Este jardín comienza con una entrada que es un sueño. Cada detalle se nota trabajado desde la excelencia y con un propósito bien claro. Es una belleza que no puedes ignorar, es armonía natural, tanto en lo visible como en lo que logras sentir estando aquí. Todo tiene un significado y un por qué. Además el arte del Bonsai sigue siendo una maravilla para mis ojos y me recuerdan a un ser cercano muy especial al que amamos.

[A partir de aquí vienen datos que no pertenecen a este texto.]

lemma a1_c2_bounds:
  assumes "diameter V E \<ge> 3"
  shows "a1 + c2 \<le> k" and "2 * a1 \<le> k + c2"
proof -
  obtain z y' y p where g: "E z y'" "E y' y" "E y p" "gdist V E z y = 2" "gdist V E z p = 3"
    using geodesic_3_exists[OF assms] by blast
  have V: "z \<in> V" "y' \<in> V" "y \<in> V" using g edge_in_V1 by blast+
  have c2_zy: "card (nbhd z \<inter> nbhd y) = c2"
    using card_common_nbhd_dist2[OF V(1,3) g(4)] .
  have "nbhd p \<inter> nbhd y \<inter> (nbhd z \<inter> nbhd y) = {}"
  proof (rule ccontr)
    assume "nbhd p \<inter> nbhd y \<inter> (nbhd z \<inter> nbhd y) \<noteq> {}"
    then obtain x where "E z x" "E x p" using edge_sym by blast
    then show False using gdist_le_2 g(5) by fastforce
  qed
  then have "card (nbhd p \<inter> nbhd y) + card (nbhd z \<inter> nbhd y)
      = card (nbhd p \<inter> nbhd y \<union> nbhd z \<inter> nbhd y)"
    by (simp add: card_Un_disjoint)
  also have "\<dots> \<le> card (nbhd y)" by (rule card_mono) auto
  finally show "a1 + c2 \<le> k"
    using card_common_nbhd_edge[OF edge_sym[OF g(3)]] c2_zy card_nbhd[OF V(3)] by simp
  have "card (nbhd z \<inter> nbhd y') + card (nbhd y \<inter> nbhd y')
      = card (nbhd z \<inter> nbhd y' \<union> nbhd y \<inter> nbhd y') + card (nbhd z \<inter> nbhd y' \<inter> (nbhd y \<inter> nbhd y'))"
    by (rule card_Un_Int) simp_all
  also have "\<dots> \<le> card (nbhd y') + card (nbhd z \<inter> nbhd y)"
    by (intro add_mono card_mono) auto
  finally show "2 * a1 \<le> k + c2"
    using card_common_nbhd_edge[OF g(1)] card_common_nbhd_edge[OF edge_sym[OF g(2)]]
      c2_zy card_nbhd[OF V(2)] by simp
qed

lemma c2_le_if_triangle:
  assumes e: "E p y" and a1: "a1 > 0" and k: "2 * a1 + 1 < k"
  shows "2 * c2 \<le> a1 + k"
proof -
  have "nbhd p \<inter> nbhd y \<noteq> {}" using card_common_nbhd_edge[OF e] a1 by force
  then obtain y' where y': "y' \<in> V" "E p y'" "E y y'" by blast
  have "\<not> nbhd y \<subseteq> {p} \<union> nbhd p \<inter> nbhd y \<union> nbhd y \<inter> nbhd y'"
  proof
    assume "nbhd y \<subseteq> {p} \<union> nbhd p \<inter> nbhd y \<union> nbhd y \<inter> nbhd y'"
    then have "card (nbhd y) \<le> card ({p} \<union> nbhd p \<inter> nbhd y \<union> nbhd y \<inter> nbhd y')"
      by (intro card_mono) auto
    also have "\<dots> \<le> card {p} + card (nbhd p \<inter> nbhd y) + card (nbhd y \<inter> nbhd y')"
      by (meson add_right_mono card_Un_le order_trans)
    finally show False
      using k card_nbhd[OF edge_in_V2[OF e]] card_common_nbhd_edge[OF e]
        card_common_nbhd_edge[OF y'(3)] by simp
  qed
  then obtain x where x: "x \<in> V" "E y x" "x \<noteq> p" "\<not> E p x" "\<not> E y' x" by blast
  have "x \<noteq> y'" using x(4) y'(2) by blast
  have c2_px: "card (nbhd p \<inter> nbhd x) = c2"
    using card_common_nbhd_dist2 gdist_eq_2I[OF e x(2) x(3)[symmetric] x(4)] edge_in_V1[OF e] x(1) by blast
  have "c2 = card (nbhd y' \<inter> nbhd x)"
    using card_common_nbhd_dist2 gdist_eq_2I[OF edge_sym[OF y'(3)] x(2) \<open>x \<noteq> y'\<close>[symmetric] x(5)]
      y'(1) x(1) by simp
  also have "\<dots> \<le> card (nbhd p \<inter> nbhd y' \<union> (nbhd x - nbhd p \<inter> nbhd x))"
    by (intro card_mono) auto
  also have "\<dots> \<le> card (nbhd p \<inter> nbhd y') + card (nbhd x - nbhd p \<inter> nbhd x)"
    by (rule card_Un_le)
  also have "\<dots> = a1 + (k - c2)"
    using card_common_nbhd_edge[OF y'(2)] card_nbhd[OF x(1)] c2_px
    by (simp add: card_Diff_subset)
  finally show ?thesis
    using c2_px card_nbhd[OF x(1)] card_mono[of "nbhd x" "nbhd p \<inter> nbhd x"] by simp
qed

lemma triangle_free: "a1 = 0 \<Longrightarrow> E p y \<Longrightarrow> E y z \<Longrightarrow> \<not> E p z"
  using card_common_nbhd_edge[of p y] edge_in_V2 by (auto simp: card_eq_0_iff)

lemma dist2_dist2_common_nbhd:
  assumes k: "k < 2 * c2" and V: "x \<in> V" "y \<in> V" "z \<in> V"
    and d: "gdist V E x y = 2" "gdist V E y z = 2"
  shows "\<exists>w. E x w \<and> E w z"
proof -
  have "2 * c2 = card (nbhd y \<inter> nbhd x) + card (nbhd y \<inter> nbhd z)"
    using card_common_nbhd_dist2[OF V(2,1)] card_common_nbhd_dist2[OF V(2,3)] d
      gdist_sym[OF V(1,2)] by simp
  also have "\<dots> = card (nbhd y \<inter> nbhd x \<union> nbhd y \<inter> nbhd z)
      + card (nbhd y \<inter> nbhd x \<inter> (nbhd y \<inter> nbhd z))"
    by (rule card_Un_Int) simp_all
  also have "\<dots> \<le> card (nbhd y) + card (nbhd x \<inter> nbhd z)"
    by (intro add_mono card_mono) auto
  finally have "nbhd x \<inter> nbhd z \<noteq> {}" using k card_nbhd[OF V(2)] by auto
  then show ?thesis using edge_sym by blast
qed

lemma eq_or_dist2_if_path2:
  assumes "a1 = 0" "E x w" "E w z"
  shows "x = z \<or> gdist V E x z = 2"
  using gdist_eq_2I[OF assms(2,3)] triangle_free[OF assms] by blast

Para finalizar nuestro día decidimos visitar dos sitios ubicados en Downtown Portland:

Powell’s Books: La librería de libros usados y nuevos más grande del mundo. Te adelanto que para poder verla en detalle necesitarás varios días, es un mundo de libros, y además tienen café.

Screen Door: Uno de los lugares de brunch más aclamados en Portland. Aquí comimos el mejor pollo empanado que mi gusto ha probado y los mejores Chicken Waffles. Además la estética del lugar es hermosa y el trato fue excelente.

Ya saliendo de Portland OR para regresar a casa, no podíamos dejar pasar la oportunidad de sacarnos la icónica foto en su letrero más popular.

Gracias Portland por todo lo vivido. Hasta la próxima.

Gracias a ti por acompañarme en cada historia. ¿Te gustaría visitar Portland, OR en algún momento?